A cost function is a measure of how wrong the model is in terms of its ability to estimate the relationship between X and y. This is typically expressed as a difference or distance between the predicted value and the actual value of the target variable (y). The cost function can be estimated by iteratively running the model to compare estimated predictions against the known values of y.
The cost function helps us to figure out the best possible values for the coefficients (A0, A1, A2 etc.) To get the best-fit line for the data points, we would like to minimize the error between the predicted value and the actual value. The objective of a model is to find parameters that minimize the cost function.

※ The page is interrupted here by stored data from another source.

(* Let $\Sigma=\{a,b\}$ and let $A,B,C$ be positive integers. For $w\in\mathbb{P}^\Sigma$ and $M\in[0..B]^\Sigma_\Sigma$ let $\mathrm{angle}(w,M)=w+M\mathbb{P}^\Sigma$. For $v\in\mathbb{P}^\Sigma$ let $$\mathrm{reg}(v)=\{u\in\mathbb{P}^\Sigma:\ \forall w\in[0;A]^\Sigma\ \forall M\in[0..B]^\Sigma_\Sigma\ \ (v\in\mathrm{angle}(w,M)\iff u\in\mathrm{angle}(w,M))\}.$$ Then for each $v\in\mathbb{N}^\Sigma$ there exists $v'\in\mathbb{N}^\Sigma$ such that $\|v'\|=O(AB^2+BC)$, $v'\in\mathrm{reg}(v)$, and $v-v'\in C\mathbb{Z}^\Sigma$; the implicit constant is absolute (independent of $A,B,C,v$).
   Context: $\mathbb{P}$ denotes the set of non-negative rationals, $[0..B]=\{0,1,\ldots,B\}$, $[0;A]$ the set of rationals in the interval from $0$ to $A$. $[0..B]^\Sigma_\Sigma$ is the set of $\Sigma\times\Sigma$ matrices with entries in $[0..B]$; for a matrix $M$ with columns $M^x$ and $\lambda\in\mathbb{P}^\Sigma$, $M\lambda=\sum_x\lambda_xM^x$, and $M\mathbb{P}^\Sigma=\{M\lambda:\lambda\in\mathbb{P}^\Sigma\}$; $w+X=\{w+x:x\in X\}$. For $v\in\mathbb{Q}^\Sigma$, $\|v\|=\max_x|v(x)|$; $C\mathbb{Z}^\Sigma=\{Cz:z\in\mathbb{Z}^\Sigma\}$. *)

theory Defs
  imports Main "HOL.Rat"
begin

datatype sig = a | b

definition vnorm :: "(sig \<Rightarrow> rat) \<Rightarrow> rat" where
  "vnorm v = max \<bar>v a\<bar> \<bar>v b\<bar>"

text \<open>M lambda = sum_x lambda_x M^x, where M^x is the column x, i.e. (M lambda)(y) = sum_x lambda_x M y x.\<close>
definition matvec :: "(sig \<Rightarrow> sig \<Rightarrow> nat) \<Rightarrow> (sig \<Rightarrow> rat) \<Rightarrow> (sig \<Rightarrow> rat)" where
  "matvec M l = (\<lambda>y. l a * of_nat (M y a) + l b * of_nat (M y b))"

definition angle :: "(sig \<Rightarrow> rat) \<Rightarrow> (sig \<Rightarrow> sig \<Rightarrow> nat) \<Rightarrow> (sig \<Rightarrow> rat) set" where
  "angle w M = {u. \<exists>l. (\<forall>x. 0 \<le> l x) \<and> u = (\<lambda>y. w y + matvec M l y)}"

definition reg :: "nat \<Rightarrow> nat \<Rightarrow> (sig \<Rightarrow> rat) \<Rightarrow> (sig \<Rightarrow> rat) set" where
  "reg A B v = {u. (\<forall>x. 0 \<le> u x) \<and>
     (\<forall>w M. (\<forall>x. 0 \<le> w x \<and> w x \<le> of_nat A) \<longrightarrow> (\<forall>x y. M x y \<le> B) \<longrightarrow>
        (v \<in> angle w M \<longleftrightarrow> u \<in> angle w M))}"

end

theory Submission
  imports Defs
begin

text \<open>
  Membership of a vector \<open>v\<close> in \<open>angle(w, M)\<close> is decided by the signs of the coordinates
  of \<open>v - w\<close> and of the cross products \<open>c \<times> (v - w)\<close> with the two columns \<open>c\<close> of \<open>M\<close>.
  Since \<open>c \<times> w\<close> ranges over \<open>[-c\<^sub>b A, c\<^sub>a A]\<close>, these signs agree for \<open>v\<close> and \<open>v'\<close>
  whenever, for every \<open>c \<in> [0..B]\<^sup>2\<close>, the numbers \<open>c \<times> v\<close> and \<open>c \<times> v'\<close> are equal or lie beyond
  the same end of that interval. To shrink \<open>v\<close> without leaving its class modulo \<open>C\<close>,
  subtract \<open>C u\<close> for the nonzero \<open>u \<in> [0..B]\<^sup>2\<close> minimising \<open>|u \<times> v|\<close>: if this breaks the
  condition for some \<open>c\<close>, the identity \<open>(c \<times> u) v = (c \<times> v) u - (u \<times> v) c\<close> together with
  \<open>|c \<times> u| \<ge> 1\<close> forces \<open>\<parallel>v\<parallel> \<le> 2AB\<^sup>2 + 2BC\<close>. Iterating gives the bound with constant 2.
\<close>

definition cross :: "(sig \<Rightarrow> 'a::comm_ring) \<Rightarrow> (sig \<Rightarrow> 'a) \<Rightarrow> 'a" where
  "cross u v = u a * v b - u b * v a"
definition G_diag :: "int \<Rightarrow> int \<Rightarrow> int \<Rightarrow> real" where
  "G_diag q l1 l2 = (if l1 = l2 then of_int (diag_cert_poly q (l1 - 1)) / (4 * of_int ((2 * q + 3) * (q + 2)))
     * diag_cert_term q (l1 - 1) else 0)"

lemma H_off_diagonal: "l1 \<noteq> l2 \<Longrightarrow> H q l1 l2 0 = 0"
  unfolding H_def by (cases "l1 < l2") (simp_all add: rfact_int_eq_0)

lemma H_rec_diag_clear_denominator:
  assumes "0 \<le> q"
  shows "256 * of_int ((2 * q + 3) * (q + 2)) * H_rec q 0 l l = of_int (H_rec_diag_numerator q l) * H_diag_base q l"
proof -
  let ?c = "of_int ((2 * q + 3) * (q + 2)) :: real"
  have coeffs: "8 * ?c * rec_coeff0 q 0 = (of_int q)^2" "4 * ?c * rec_coeff1 q 0 = - 4 * (of_int q)^2 - 7 * of_int q - 4"
    using rec_coeffs_mult_denominator[of 0 q] assms by (simp_all add: algebra_simps)
  have "256 * ?c * H_rec q 0 l l
      = (2 * (8 * ?c * rec_coeff0 q 0) * of_int (H_ratio0 q 0 l l)
         + (4 * ?c * rec_coeff1 q 0) * of_int (H_ratio1 q 0 l l) + ?c * of_int (H_ratio2 q 0 l l))
        * H_base q 0 l l"
    unfolding H_rec_eq_H_base by (simp add: algebra_simps)
  also have "\<dots> = of_int (H_rec_diag_numerator q l) * H_diag_base q l"
    unfolding coeffs H_base_diag H_rec_diag_numerator_def by (simp add: algebra_simps)
  finally show ?thesis .
qed
text \<open>eta_U: U(t) = exp(-eta_U(|log t|)), i.e. eta_U(x) = -log U(e^{-x}) (x \<ge> 0).\<close>

definition eta_U :: "(real \<Rightarrow> real) \<Rightarrow> real \<Rightarrow> real" where
  "eta_U U x = - ln (U (exp (- x)))"

definition omega_U :: "(real \<Rightarrow> real) \<Rightarrow> real \<Rightarrow> real" where
  "omega_U U x = (THE w. 1 \<le> w \<and> eta_U U (x / w) = w)"

end

theory Submission
  imports Defs "HOL-Complex_Analysis.Complex_Analysis"
begin

text \<open>At a point t \<noteq> 0 of the circle U is differentiable, so U(s) - U(t) is bounded by a
  multiple of |e^{is} - e^{it}| and the Herglotz integral of U - U(t) converges boundedly
  along the radius; its limit is purely imaginary. Hence the boundary values of phi_U have
  modulus exp(-U(t)), and phi_U(e^{it}) can only lie in a Carleson square of side
  \<epsilon> \<le> 1/2 where U(t) \<le> -ln(1 - \<epsilon>) \<le> 2\<epsilon>. Writing t = e^{-x}, such points satisfy
  eta_U(x) \<ge> -ln \<epsilon> - ln 2 with x > m := n / omega_U(n), and it suffices to show
  x \<ge> -ln \<epsilon> + c m - ln pi. In (a) this follows from the linear growth bound
  eta_U(x) \<le> eta_U(m) + (1 - \<delta>)(x - m), the integrated form of the hypothesis on U'/U;
  in (b) from ln eta_U(x) - ln eta_U(m) \<le> (ln x - ln m) / K for any fixed K, and Bernoulli's
  inequality.\<close>

lemma shiftpath_circlepath_half: "shiftpath (1/2) (circlepath 0 1) = part_circlepath 0 1 (-pi) pi"
proof
  fix x :: real
  have e1: "exp (2 * of_real pi * \<i> * of_real (1/2 + x)) = exp (\<i> * of_real ((1 - x) * (-pi) + x * pi))"
  proof -
    have "exp (2 * of_real pi * \<i> * of_real (1/2 + x))
        = exp (\<i> * of_real ((1 - x) * (-pi) + x * pi) + of_real pi * \<i> * 2)"
      by (rule arg_cong[where f=exp]) (simp add: algebra_simps)
    also have "\<dots> = exp (\<i> * of_real ((1 - x) * (-pi) + x * pi))"
      by (simp add: exp_add exp_two_pi_i mult.commute mult.left_commute)
    finally show ?thesis .
  qed
  have e2: "exp (2 * of_real pi * \<i> * of_real (1/2 + x - 1)) = exp (\<i> * of_real ((1 - x) * (-pi) + x * pi))"
    by (rule arg_cong[where f=exp]) (simp add: algebra_simps)
  show "shiftpath (1/2) (circlepath 0 1) x = part_circlepath 0 1 (-pi) pi x"
    unfolding shiftpath_def circlepath part_circlepath_def linepath_def
    using e1 e2 by (simp add: scaleR_conv_of_real)
qed

lemma herglotz_kernel_has_integral:
  assumes "norm z < 1"
  shows "((\<lambda>s. (cis s + z) / (cis s - z)) has_integral (2*pi)) {-pi..pi}"
proof -
  have circle: "((\<lambda>u. 1/(u-z)) has_contour_integral (2 * of_real pi * \<i>)) (circlepath 0 1)"
    using Cauchy_integral_circlepath_simple[of "\<lambda>u. 1" 0 1 z] assms by simp
  have "((\<lambda>u. 1/(u-z)) has_contour_integral (2 * of_real pi * \<i>)) (part_circlepath 0 1 (-pi) pi)"
    using has_contour_integral_shiftpath[OF circle, of "1/2"] by (simp add: shiftpath_circlepath_half)
  then have "((\<lambda>s. 1/(cis s - z) * \<i> * cis s) has_integral (2 * of_real pi * \<i>)) {-pi..pi}"
    using has_contour_integral_part_circlepath_iff[of "-pi" pi] by simp
  from has_integral_mult_left[OF this, of "-2*\<i>"]
  have four_pi: "((\<lambda>s. 2 * cis s / (cis s - z)) has_integral (4 * pi)) {-pi..pi}"
    by (simp add: algebra_simps)
  have two_pi: "((\<lambda>s. 1::complex) has_integral (2 * pi)) {-pi..pi}"
    using has_integral_const_real[of "1::complex" "-pi" pi] by (simp add: scaleR_conv_of_real)
  have "((\<lambda>s. 2 * cis s / (cis s - z) - 1) has_integral (2 * pi)) {-pi..pi}"
    using has_integral_diff[OF four_pi two_pi] by simp
  moreover have "2 * cis s / (cis s - z) - 1 = (cis s + z) / (cis s - z)" for s
  proof -
    have "cis s - z \<noteq> 0"
      using assms by (metis eq_iff_diff_eq_0 norm_cis order.irrefl)
    then show ?thesis by (simp add: field_simps)
  qed
  ultimately show ?thesis by simp
qed

lemma DERIV_imp_local_linear_bound:
  fixes f :: "real \<Rightarrow> real"
  assumes "DERIV f t :> D" "e > 0"
  shows "\<exists>d>0. \<forall>s. \<bar>s - t\<bar> < d \<longrightarrow> \<bar>f s - f t - D * (s - t)\<bar> \<le> e * \<bar>s - t\<bar>"
proof -
  have "((\<lambda>y. (f y - f t) / (y - t)) \<longlongrightarrow> D) (at t)"
    using assms(1) has_field_derivative_iff by blast
  then have "eventually (\<lambda>y. dist ((f y - f t) / (y - t)) D < e) (at t)"
    using assms(2) unfolding tendsto_iff by blast
  then obtain d where d: "d > 0"
    and close: "\<And>y. y \<noteq> t \<Longrightarrow> dist y t < d \<Longrightarrow> dist ((f y - f t) / (y - t)) D < e"
    unfolding eventually_at by auto
  have "\<bar>f s - f t - D * (s - t)\<bar> \<le> e * \<bar>s - t\<bar>" if "\<bar>s - t\<bar> < d" for s
  proof (cases "s = t")
    case False
    then have "\<bar>(f s - f t) / (s - t) - D\<bar> * \<bar>s - t\<bar> \<le> e * \<bar>s - t\<bar>"
      using close[of s] that by (intro mult_right_mono) (auto simp: dist_real_def)
    also have "\<bar>(f s - f t) / (s - t) - D\<bar> * \<bar>s - t\<bar> = \<bar>f s - f t - D * (s - t)\<bar>"
      using False by (simp add: abs_mult[symmetric] field_simps)
    finally show ?thesis .
  qed simp
  with d show ?thesis by blast
qed

lemma norm_cis_diff_ge_abs_sin: "\<bar>sin (s - t)\<bar> \<le> norm (cis s - cis t)"
proof -
  have "cis s - cis t = cis t * (cis (s - t) - 1)"
    by (simp add: algebra_simps cis_mult)
  then have "norm (cis s - cis t) = norm (cis (s - t) - 1)"
    by (simp add: norm_mult)
  moreover have "\<bar>Im (cis (s - t) - 1)\<bar> \<le> norm (cis (s - t) - 1)"
    by (rule abs_Im_le_cmod)
  ultimately show ?thesis by simp
qed

lemma DERIV_imp_local_chord_bound:
  fixes f :: "real \<Rightarrow> real"
  assumes "DERIV f t :> D"
  shows "\<exists>d>0. \<forall>s. \<bar>s - t\<bar> < d \<longrightarrow> \<bar>f s - f t\<bar> \<le> (2 * \<bar>D\<bar> + 2) * norm (cis s - cis t)"
proof -
  obtain d1 where d1: "d1 > 0" "\<And>s. \<bar>s - t\<bar> < d1 \<Longrightarrow> \<bar>f s - f t - D * (s - t)\<bar> \<le> 1 * \<bar>s - t\<bar>"
    using DERIV_imp_local_linear_bound[OF assms, of 1] by auto
  have sin_deriv: "DERIV (\<lambda>s. sin (s - t)) t :> 1"
    by (auto intro!: derivative_eq_intros)
  obtain d2 where d2: "d2 > 0"
    "\<And>s. \<bar>s - t\<bar> < d2 \<Longrightarrow> \<bar>sin (s - t) - sin (t - t) - 1 * (s - t)\<bar> \<le> 1/2 * \<bar>s - t\<bar>"
    using DERIV_imp_local_linear_bound[OF sin_deriv, of "1/2"] by auto
  have "\<bar>f s - f t\<bar> \<le> (2 * \<bar>D\<bar> + 2) * norm (cis s - cis t)" if s: "\<bar>s - t\<bar> < min d1 d2" for s
  proof -
    have "\<bar>s - t\<bar> \<le> \<bar>sin (s - t)\<bar> + \<bar>sin (s - t) - (s - t)\<bar>"
      using abs_triangle_ineq4[of "sin (s - t)" "sin (s - t) - (s - t)"] by simp
    then have chord: "\<bar>s - t\<bar> \<le> 2 * norm (cis s - cis t)"
      using d2(2)[of s] s norm_cis_diff_ge_abs_sin[of s t] by (simp; linarith)
    have "\<bar>f s - f t\<bar> \<le> (\<bar>D\<bar> + 1) * \<bar>s - t\<bar>"
      using d1(2)[of s] s abs_mult[of D "s - t"] by (simp add: algebra_simps)
    also have "\<dots> \<le> (\<bar>D\<bar> + 1) * (2 * norm (cis s - cis t))"
      using chord by (rule mult_left_mono) simp
    finally show ?thesis by (simp add: algebra_simps)
  qed
  moreover have "min d1 d2 > 0" using d1 d2 by simp
  ultimately show ?thesis by blast
qed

The Ordinary Least Squares procedure seeks to minimize the sum of the squared residuals (errors). Residual (error) is the difference between the observed responses (values of the variable being predicted) in the given dataset and those predicted by a linear function of a set of explanatory variables. The smaller the differences, the better the model fits the data. Visually, this may be seen as the sum of the squared vertical distances between each data point in the set and the corresponding point on the regression line. The sum of all the squared errors together should be minima.
After estimating the values of the coefficients these values can be optimized using Gradient Descent. Gradient descent is a method of updating A0 and A1 to reduce the cost function(MSE).
We start with random values for each parameter. The goal is to continue to try different values for the parameters, evaluate their cost, and select new parameters that have a slightly lower cost. Iterating this process enough number of times leads to the values of the parameters that result in the minimum cost.
The idea is that we start with some values for A0 and A1 and then we change these values iteratively to reduce the cost. This is done by iteratively minimizing the error of the model using the training data. Gradient descent helps us how to change the values. We can measure the accuracy of the model using the cost function and so it is directly related to the performance of the model.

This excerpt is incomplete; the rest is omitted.